◆ TASK ITEM
Would you pull out every line of the material that contains the string "have"?

◆ DATASET
#####

lemma bs_mult_assoc:
  "k \<noteq> 0 \<Longrightarrow> bs_mult k (bs_mult k g h) l = bs_mult k g (bs_mult k h l)"
  by (simp add: bs_mult_def power_int_add algebra_simps)

lemma bs_mult_zero_left [simp]: "bs_mult k (0, 0) h = h"
  by (simp add: bs_mult_def)

lemma eval_word_append:
  "k \<noteq> 0 \<Longrightarrow> eval_word k (u @ v) = bs_mult k (eval_word k u) (eval_word k v)"
  by (induction u) (simp_all add: bs_mult_assoc)

lemma eval_word_apow: "eval_word k (apow x) = (of_int x, 0)"
proof -
  have "eval_word k (replicate n GA) = (of_nat n, 0)"
    and "eval_word k (replicate n GAi) = (- of_nat n, 0)" for n
    by (induction n) (simp_all add: bs_mult_def)
  then show ?thesis by (simp add: apow_def)
qed

lemma length_apow: "int (length (apow x)) = \<bar>x\<bar>"
  by (simp add: apow_def)

lemma eval_word_replicate_GTi: "eval_word k (replicate n GTi) = (0, - int n)"
  by (induction n) (simp_all add: bs_mult_def)

lemma eval_word_concat_apow_GT:
  assumes "k \<noteq> 0"
  shows "eval_word k (concat (map (\<lambda>x. apow x @ [GT]) ys) @ w) =
    (of_int (horner_sum (\<lambda>x. x) k ys) + of_int k ^ length ys * fst (eval_word k w),
     int (length ys) + snd (eval_word k w))"
proof (induction ys)
  case (Cons y ys)
  have "eval_word k (concat (map (\<lambda>x. apow x @ [GT]) (y # ys)) @ w) =
    bs_mult k (eval_word k (apow y)) (bs_mult k (0, 1) (eval_word k (concat (map (\<lambda>x. apow x @ [GT]) ys) @ w)))"
    using assms by (simp add: eval_word_append)
  then show ?case
    using Cons by (simp add: eval_word_apow bs_mult_def algebra_simps)
qed simp

lemma cword_snoc:
  "cword (ys @ [z]) = concat (map (\<lambda>x. apow x @ [GT]) ys) @ apow z @ replicate (length ys) GTi"
  by (simp add: cword_def)

lemma eval_cword:
  assumes "k \<noteq> 0" "xs \<noteq> []"
  shows "eval_word k (cword xs) = (of_int (horner_sum (\<lambda>x. x) k xs), 0)"
proof -
  obtain ys z where xs: "xs = ys @ [z]" using assms(2) by (metis rev_exhaust)
  have "eval_word k (apow z @ replicate (length ys) GTi) = (of_int z, - int (length ys))"
    using assms(1) by (simp add: eval_word_append eval_word_apow eval_word_replicate_GTi bs_mult_def)
  then show ?thesis
    using assms(1) by (simp add: xs cword_snoc eval_word_concat_apow_GT horner_sum_append)
qed

lemma length_cword:
  assumes "xs \<noteq> []" shows "int (length (cword xs)) = digits_cost xs"
proof -
  obtain ys z where xs: "xs = ys @ [z]" using assms by (metis rev_exhaust)
  have "int (length (concat (map (\<lambda>x. apow x @ [GT]) ys))) = sum_list (map abs ys) + int (length ys)"
    by (induction ys) (simp_all add: length_apow [symmetric])
  then show ?thesis
    using length_apow[of z] by (simp add: xs cword_snoc digits_cost_def)
qed

lemma bs_conj_iff:
  assumes "k \<noteq> 0"
  shows "bs_conj k (x, 0) h \<longleftrightarrow> (\<exists>n. h = (of_int k powi n * x, 0))"
proof
  assume "bs_conj k (x, 0) h"
  then obtain y n where h: "h = bs_mult k (bs_mult k (y, n) (x, 0)) (bs_inv k (y, n))"
    unfolding bs_conj_def by auto
  have "of_int k powi n * (- (of_int k powi (- n)) * y) = - y"
    using assms by (simp add: power_int_minus)
  then have "h = (of_int k powi n * x, 0)"
    unfolding h bs_mult_def bs_inv_def by (simp add: algebra_simps)
  then show "\<exists>n. h = (of_int k powi n * x, 0)" ..
next
  assume "\<exists>n. h = (of_int k powi n * x, 0)"
  then obtain n where "h = bs_mult k (bs_mult k (0, n) (x, 0)) (bs_inv k (0, n))"
    by (auto simp: bs_mult_def bs_inv_def)
  moreover have "(0, n) \<in> BS k" by (simp add: BS_def Zk_def)
  ultimately show "bs_conj k (x, 0) h" unfolding bs_conj_def by blast
qed

lemma horner_sum_list_update_add:
  fixes c :: "'a::comm_semiring_1 list"
  shows "i < length c \<Longrightarrow>
    horner_sum (\<lambda>x. x) a (c[i := c ! i + d]) = horner_sum (\<lambda>x. x) a c + a ^ i * d"
  by (induction c arbitrary: i) (auto simp: algebra_simps nth_Cons split: nat.splits)

lemma sum_list_abs_list_update_add_le:
  fixes c :: "'a::ordered_ab_group_add_abs list"
  shows "i < length c \<Longrightarrow>
    sum_list (map abs (c[i := c ! i + d])) \<le> sum_list (map abs c) + \<bar>d\<bar>"
proof (induction c arbitrary: i)
  case (Cons x c)
  then show ?case
    using abs_triangle_ineq[of x d] by (cases i) (simp_all add: ac_simps)
qed simp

#####

◆ RESPONSE TO THIS EXERCISE
  have "eval_word k (replicate n GA) = (of_nat n, 0)"
  have "eval_word k (concat (map (\<lambda>x. apow x @ [GT]) (y # ys)) @ w) =
  have "eval_word k (apow z @ replicate (length ys) GTi) = (of_int z, - int (length ys))"
  have "int (length (concat (map (\<lambda>x. apow x @ [GT]) ys))) = sum_list (map abs ys) + int (length ys)"
  have "of_int k powi n * (- (of_int k powi (- n)) * y) = - y"
  then have "h = (of_int k powi n * x, 0)"
  moreover have "(0, n) \<in> BS k" by (simp add: BS_def Zk_def)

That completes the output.